In IT there is a tendency to treat all disasters the same, at least from a planning perspective. But the reality is that data is protected in a variety of ways; with snapshots, replication, backup to disk, backup to cloud and archive to tape, to name a few. Documenting how and when you should use each of these data protection strategies to recover an application or data set is critical so that the right data is recovered from the right backup source in the right situation. Lack of that documentation can lead to older data than necessary being recovered causing a recovery point objective to be missed.
A disaster, in the broadest terms, is the inability for users to get access to data or an application. That disaster can also come in many forms. We’ll highlight a few here but we detail more of them and discuss how to recover from them in our Backup 2.0 Technical Workshop that we are putting on in conjunction with TechTarget in cities across the U.S. and Europe.

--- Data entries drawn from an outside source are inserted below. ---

lemma vderiv_linear_Pvec:
  assumes "f \<in> Pvec s" and "g \<in> Pvec s"
  shows "vderiv i (\<lambda>t. a *\<^sub>R f t + b *\<^sub>R g t) x = a *\<^sub>R vderiv i f x + b *\<^sub>R vderiv i g x"
proof -
  obtain p q where f: "f = (\<lambda>t. \<chi> j. poly (p j) t)" and g: "g = (\<lambda>t. \<chi> j. poly (q j) t)"
    using assms by (metis Pvec_obtain)
  have combination: "(\<lambda>t. a *\<^sub>R f t + b *\<^sub>R g t)
      = (\<lambda>t. \<chi> j. poly (smult a (p j) + smult b (q j)) t)"
    by (simp add: f g vec_eq_iff fun_eq_iff)
  show ?thesis
    unfolding combination unfolding f g vderiv_poly_vec
    by (simp add: vec_eq_iff higher_pderiv_add higher_pderiv_smult)
qed

lemma vapply_moment_linear_Pvec:
  assumes "linear_on (Ck_on m) I" and "f \<in> Pvec s" and "g \<in> Pvec s"
  shows "vapply I (\<lambda>t. (1 + t) ^ i *\<^sub>R (a *\<^sub>R f t + b *\<^sub>R g t))
       = a *\<^sub>R vapply I (\<lambda>t. (1 + t) ^ i *\<^sub>R f t) + b *\<^sub>R vapply I (\<lambda>t. (1 + t) ^ i *\<^sub>R g t)"
proof -
  obtain p q where f: "f = (\<lambda>t. \<chi> j. poly (p j) t)" and g: "g = (\<lambda>t. \<chi> j. poly (q j) t)"
    using assms by (metis Pvec_obtain)
  have moment_Ck: "(\<lambda>t. ((1 + t) ^ i *\<^sub>R h t) $ j) \<in> Ck_on m"
    if "h = (\<lambda>t. \<chi> j. poly (r j) t)" for h r j
  proof -
    have "(\<lambda>t. ((1 + t) ^ i *\<^sub>R h t) $ j) = poly ([:1,1:] ^ i * r j)"
      by (simp add: that fun_eq_iff poly_power)
    then show ?thesis
      by (simp add: poly_in_Ck_on)
  qed
  have combination: "(\<lambda>t. (1 + t) ^ i *\<^sub>R (a *\<^sub>R f t + b *\<^sub>R g t))
      = (\<lambda>t. a *\<^sub>R ((1 + t) ^ i *\<^sub>R f t) + b *\<^sub>R ((1 + t) ^ i *\<^sub>R g t))"
    by (simp add: fun_eq_iff scaleR_add_right mult.commute[of a] mult.commute[of b])
  show ?thesis
    unfolding combination by (rule vapply_linear[OF assms(1) moment_Ck[OF f] moment_Ck[OF g]])
qed

lemma Nmap_nonneg: "0 \<le> Nmap I r k f"
  unfolding Nmap_def by (intro add_nonneg_nonneg sum_nonneg norm_ge_zero)

lemma Nmap_scaleR:
  assumes "linear_on (Ck_on m) I" and "f \<in> Pvec s"
  shows "Nmap I r k (\<lambda>t. c *\<^sub>R f t) = \<bar>c\<bar> * Nmap I r k f"
proof -
  have "vderiv i (\<lambda>t. c *\<^sub>R f t) x = c *\<^sub>R vderiv i f x" for i x
    using vderiv_linear_Pvec[OF assms(2,2), of i c 0] by simp
  moreover have "vapply I (\<lambda>t. (1 + t) ^ i *\<^sub>R (c *\<^sub>R f t))
                 = c *\<^sub>R vapply I (\<lambda>t. (1 + t) ^ i *\<^sub>R f t)" for i
    using vapply_moment_linear_Pvec[OF assms(1,2,2), of i c 0] by simp
  ultimately show ?thesis
    by (simp add: Nmap_def sum_distrib_left distrib_left)
qed

lemma sum_norm_add_le:
  fixes u v :: "'i \<Rightarrow> 'a::real_normed_vector"
  shows "(\<Sum>i\<in>S. norm (u i + v i)) \<le> (\<Sum>i\<in>S. norm (u i)) + (\<Sum>i\<in>S. norm (v i))"
  by (simp add: sum.distrib[symmetric] sum_mono norm_triangle_ineq)

lemma Nmap_add_le:
  assumes "linear_on (Ck_on m) I" and "f \<in> Pvec s" and "g \<in> Pvec s"
  shows "Nmap I r k (\<lambda>t. f t + g t) \<le> Nmap I r k f + Nmap I r k g"
proof -
  have vderiv_add: "vderiv i (\<lambda>t. f t + g t) x = vderiv i f x + vderiv i g x" for i x
    using vderiv_linear_Pvec[OF assms(2,3), of i 1 1] by simp
  have vapply_add: "vapply I (\<lambda>t. (1 + t) ^ i *\<^sub>R (f t + g t))
      = vapply I (\<lambda>t. (1 + t) ^ i *\<^sub>R f t) + vapply I (\<lambda>t. (1 + t) ^ i *\<^sub>R g t)" for i
    using vapply_moment_linear_Pvec[OF assms, of i 1 1] by simp
  show ?thesis
    unfolding Nmap_def vderiv_add vapply_add
    by (rule order_trans[OF add_mono[OF add_mono[OF sum_norm_add_le sum_norm_add_le] sum_norm_add_le]])
      linarith
qed

lemma Nmap_eq_0_imp_zero:
  fixes f :: "real \<Rightarrow> real ^ 'd" and r :: nat and k :: int
  assumes lin: "linear_on (Ck_on m) I" and k: "0 \<le> k" "k \<le> int r"
    and unisolvent: "\<forall>\<psi>\<in>Ppoly (int r - max 1 k). (\<forall>\<phi>\<in>Ppoly (int r - max 1 k).
          I (\<lambda>t. (1 - t) ^ nat (k div 2) * (1 + t) ^ nat \<bar>(k - 1) div 2\<bar>
                  * poly \<psi> t * poly \<phi> t) = 0) \<longrightarrow> \<psi> = 0"
    and f: "f \<in> Pvec (int r - 1)" and N0: "Nmap I r k f = 0"
  shows "f = (\<lambda>t. 0)"
proof -
  obtain p where p: "\<And>j. p j \<in> Ppoly (int r - 1)" and f_eq: "f = (\<lambda>t. \<chi> j. poly (p j) t)"
    using Pvec_obtain[OF f] by blast
  define J where "J q = I (poly q)" for q
  have linJ: "J (smult a q + smult b q') = a * J q + b * J q'" for a b q q'
    unfolding J_def using lin by (rule linear_on_poly_functional)
  have "poly ([:1,-1:] ^ nat (k div 2) * [:1,1:] ^ nat \<bar>(k - 1) div 2\<bar> * \<psi> * \<phi>)
      = (\<lambda>t. (1 - t) ^ nat (k div 2) * (1 + t) ^ nat \<bar>(k - 1) div 2\<bar> * poly \<psi> t * poly \<phi> t)"
    for \<psi> \<phi> :: "real poly"
    by (simp add: fun_eq_iff poly_power)
  then have unisolventJ: "\<forall>\<psi>\<in>Ppoly (int r - max 1 k). (\<forall>\<phi>\<in>Ppoly (int r - max 1 k).
      J ([:1,-1:] ^ nat (k div 2) * [:1,1:] ^ nat \<bar>(k - 1) div 2\<bar> * \<psi> * \<phi>) = 0) \<longrightarrow> \<psi> = 0"
    using unisolvent by (simp add: J_def)
  have "(\<forall>i<nat ((k - 1) div 2). vderiv i f (-1) = 0) \<and> (\<forall>i<nat (k div 2). vderiv i f 1 = 0)
      \<and> (\<forall>i\<in>{(if k = 0 then 1 else 0)..nat (int r - k)}.
           vapply I (\<lambda>t. (1 + t) ^ i *\<^sub>R f t) = 0)"
    using N0 by (simp add: Nmap_def add_nonneg_eq_0_iff sum_nonneg sum_nonneg_eq_0_iff)
  then have "p j = 0" for j
    using poly_eq_0_if_dofs_vanish[OF linJ k unisolventJ p]
    by (simp add: f_eq vderiv_poly_vec vapply_moment_poly_vec vec_eq_iff J_def)
  then show ?thesis
    by (simp add: f_eq vec_eq_iff fun_eq_iff)
qed

theorem mainTheorem2:
  fixes I :: "(real \<Rightarrow> real) \<Rightarrow> real" and kI :: nat and r :: nat and k :: int
  assumes lin: "\<forall>f\<in>Ck_on kI. \<forall>g\<in>Ck_on kI. \<forall>a b.
                  I (\<lambda>t. a * f t + b * g t) = a * I f + b * I g"
    and k0: "0 \<le> k" and kr: "k \<le> int r"
    and A1: "\<forall>\<psi>\<in>Ppoly (int r - max 1 k).
               (\<forall>\<phi>\<in>Ppoly (int r - max 1 k).
                  I (\<lambda>t. (1 - t) ^ nat (k div 2) * (1 + t) ^ nat \<bar>(k - 1) div 2\<bar>
                          * poly \<psi> t * poly \<phi> t) = 0)
               \<longrightarrow> \<psi> = 0"
  shows "is_norm_on (Pvec (int r - 1) :: (real \<Rightarrow> real ^ 'd) set) (Nmap I r k)"
proof -
  have "linear_on (Ck_on kI) I"
    using lin unfolding linear_on_def .
  then show ?thesis
    unfolding is_norm_on_def
    using Nmap_nonneg Nmap_scaleR Nmap_add_le Nmap_eq_0_imp_zero[OF _ k0 kr A1] by blast
qed

end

At these workshops we offer a vendor-agnostic, deep dive discussion on designing the next generation backup architecture to meet even tighter Service Level Objective (SLO) requirements. You can learn about the basics of an SLO-driven data protection strategy by reading our article, “Backup Basics: What do SLO, RPO, RTO, VRO and GRO Mean?”.

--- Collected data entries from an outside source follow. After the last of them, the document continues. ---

lemma Ibar_perm_dsum:
  assumes lK1: "length K1 = a" and lK2: "length K2 = b"
    and h1: "h1 permutes {..<a}" and h2: "h2 permutes {..<b}"
  shows "Ibar m (perm_dsum a h1 h2) (K1 @ K2) = Ibar m h1 K1 + Ibar m h2 K2"
proof -
  let ?h = "perm_dsum a h1 h2"
  define G where "G p q = (if p < q \<and> ?h q < ?h p then par m ((K1 @ K2) ! p) * par m ((K1 @ K2) ! q) else 0)"
    for p q
  have "Ibar m ?h (K1 @ K2) = (\<Sum>p<a + b. \<Sum>q<a + b. G p q)"
    by (simp add: Ibar_def G_def lK1 lK2)
  also have "\<dots> = (\<Sum>p<a. \<Sum>q<a. G p q) + (\<Sum>p<a. \<Sum>q<b. G p (a + q))
      + ((\<Sum>p<b. \<Sum>q<a. G (a + p) q) + (\<Sum>p<b. \<Sum>q<b. G (a + p) (a + q)))"
    by (simp add: sum_lessThan_add sum.distrib)
  also have "(\<Sum>p<a. \<Sum>q<b. G p (a + q)) = 0"
  proof (intro sum.neutral ballI)
    fix p q assume p: "p \<in> {..<a}"
    then have "h1 p < a"
      using permutes_lessThan_less[OF h1] by simp
    then show "G p (a + q) = 0"
      using p by (simp add: G_def perm_dsum_def)
  qed
  also have "(\<Sum>p<b. \<Sum>q<a. G (a + p) q) = 0"
    by (intro sum.neutral ballI) (auto simp: G_def)
  also have "(\<Sum>p<a. \<Sum>q<a. G p q) = Ibar m h1 K1"
    unfolding Ibar_def lK1 by (intro sum.cong refl) (auto simp: G_def perm_dsum_def nth_append lK1)
  also have "(\<Sum>p<b. \<Sum>q<b. G (a + p) (a + q)) = Ibar m h2 K2"
    unfolding Ibar_def lK2 by (intro sum.cong refl) (auto simp: G_def perm_dsum_def nth_append lK1)
  finally show ?thesis
    by simp
qed

lemma sE_append:
  assumes lK1: "length K1 = length J1" and lK2: "length K2 = length J2"
  shows "sE m (J1 @ J2) (K1 @ K2) =
    sE m J1 K1 + sE m J2 K2 + tpar m J2 K2 * (\<Sum>p<length K1. par m (K1 ! p))"
proof -
  let ?a = "length J1" and ?b = "length J2"
  let ?f = "\<lambda>q p. eP m ((J1 @ J2) ! q) ((K1 @ K2) ! q) * par m ((K1 @ K2) ! p)"
  have "sE m (J1 @ J2) (K1 @ K2) = (\<Sum>q<?a + ?b. \<Sum>p<q. ?f q p)"
    by (simp add: sE_def)
  also have "\<dots> = (\<Sum>q<?a. \<Sum>p<q. ?f q p) + (\<Sum>q<?b. \<Sum>p<?a + q. ?f (?a + q) p)"
    by (rule sum_lessThan_add)
  also have "(\<Sum>q<?a. \<Sum>p<q. ?f q p) = sE m J1 K1"
    unfolding sE_def by (intro sum.cong refl) (auto simp: nth_append lK1)
  also have "(\<Sum>q<?b. \<Sum>p<?a + q. ?f (?a + q) p) =
      (\<Sum>q<?b. eP m (J2 ! q) (K2 ! q) * (\<Sum>p<?a. par m (K1 ! p)) + (\<Sum>p<q. eP m (J2 ! q) (K2 ! q) * par m (K2 ! p)))"
    by (intro sum.cong refl) (simp add: sum_lessThan_add nth_append lK1 sum_distrib_left)
  also have "\<dots> = tpar m J2 K2 * (\<Sum>p<length K1. par m (K1 ! p)) + sE m J2 K2"
    by (simp add: sum.distrib tpar_def sE_def lK1 sum_distrib_right)
  finally show ?thesis
    by simp
qed

lemma imm_term_perm_dsum:
  assumes "length J1 = a" "length J2 = b" "h1 permutes {..<a}" "h2 permutes {..<b}"
  shows "imm_term m (J1 @ J2) (perm_dsum a h1 h2) = sprod m (imm_term m J1 h1) (imm_term m J2 h2)"
proof -
  let ?K1 = "permute_list h1 J1" and ?K2 = "permute_list h2 J2"
  have K: "permute_list (perm_dsum a h1 h2) (J1 @ J2) = ?K1 @ ?K2"
    by (rule permute_list_perm_dsum[OF assms])
  have "imm_term_exp m (J1 @ J2) (perm_dsum a h1 h2) =
      imm_term_exp m J1 h1 + imm_term_exp m J2 h2 + tpar m J2 ?K2 * (\<Sum>p<a. par m (?K1 ! p))"
    unfolding imm_term_exp_def K using assms
    by (simp add: Ibar_perm_dsum sE_append sum_lessThan_add nth_append)
  moreover have "even (tpar m J2 ?K2)"
    using tpar_permute_list_even assms by simp
  moreover have "even (x + y + t * s + (x + y))" if "even t" for x y t s :: nat
    using that by simp
  ultimately have "(-1::complex) ^ imm_term_exp m (J1 @ J2) (perm_dsum a h1 h2) =
      (-1) ^ imm_term_exp m J1 h1 * (-1) ^ imm_term_exp m J2 h2"
    unfolding power_add[symmetric] by (intro neg_one_power_eq) simp
  moreover have "zip (?K1 @ ?K2) (J1 @ J2) = zip ?K1 J1 @ zip ?K2 J2"
    using assms by simp
  ultimately show ?thesis
    unfolding imm_term_def K by (simp add: gen_prod_append sprod_sscale_left sprod_sscale_right mult.commute)
qed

Situational Recovery requires situational protection, which may mean having multiple data protection processes operating at the same time in the data center. In our workshop we outline a three-phase approach that uses replicated snapshots, recovery-in-place backups and a cloud or tape archive. The goal of replicated snapshots is to strike a nice balance between rapid recovery and affordability. You can read more about leveraging replicated snapshots to meet strict RPOs in our article, “Designing Primary Storage to Ease the Backup Burden”. The goal of recovery in place is to sacrifice some recovery time to save additional budget dollars. We offer a white paper on using recovery in place to meet RPOs and RTOs exclusively to workshop attendees. Finally, the goal of the cloud/tape archive is to dramatically cut the overall cost of both primary and protected disk storage.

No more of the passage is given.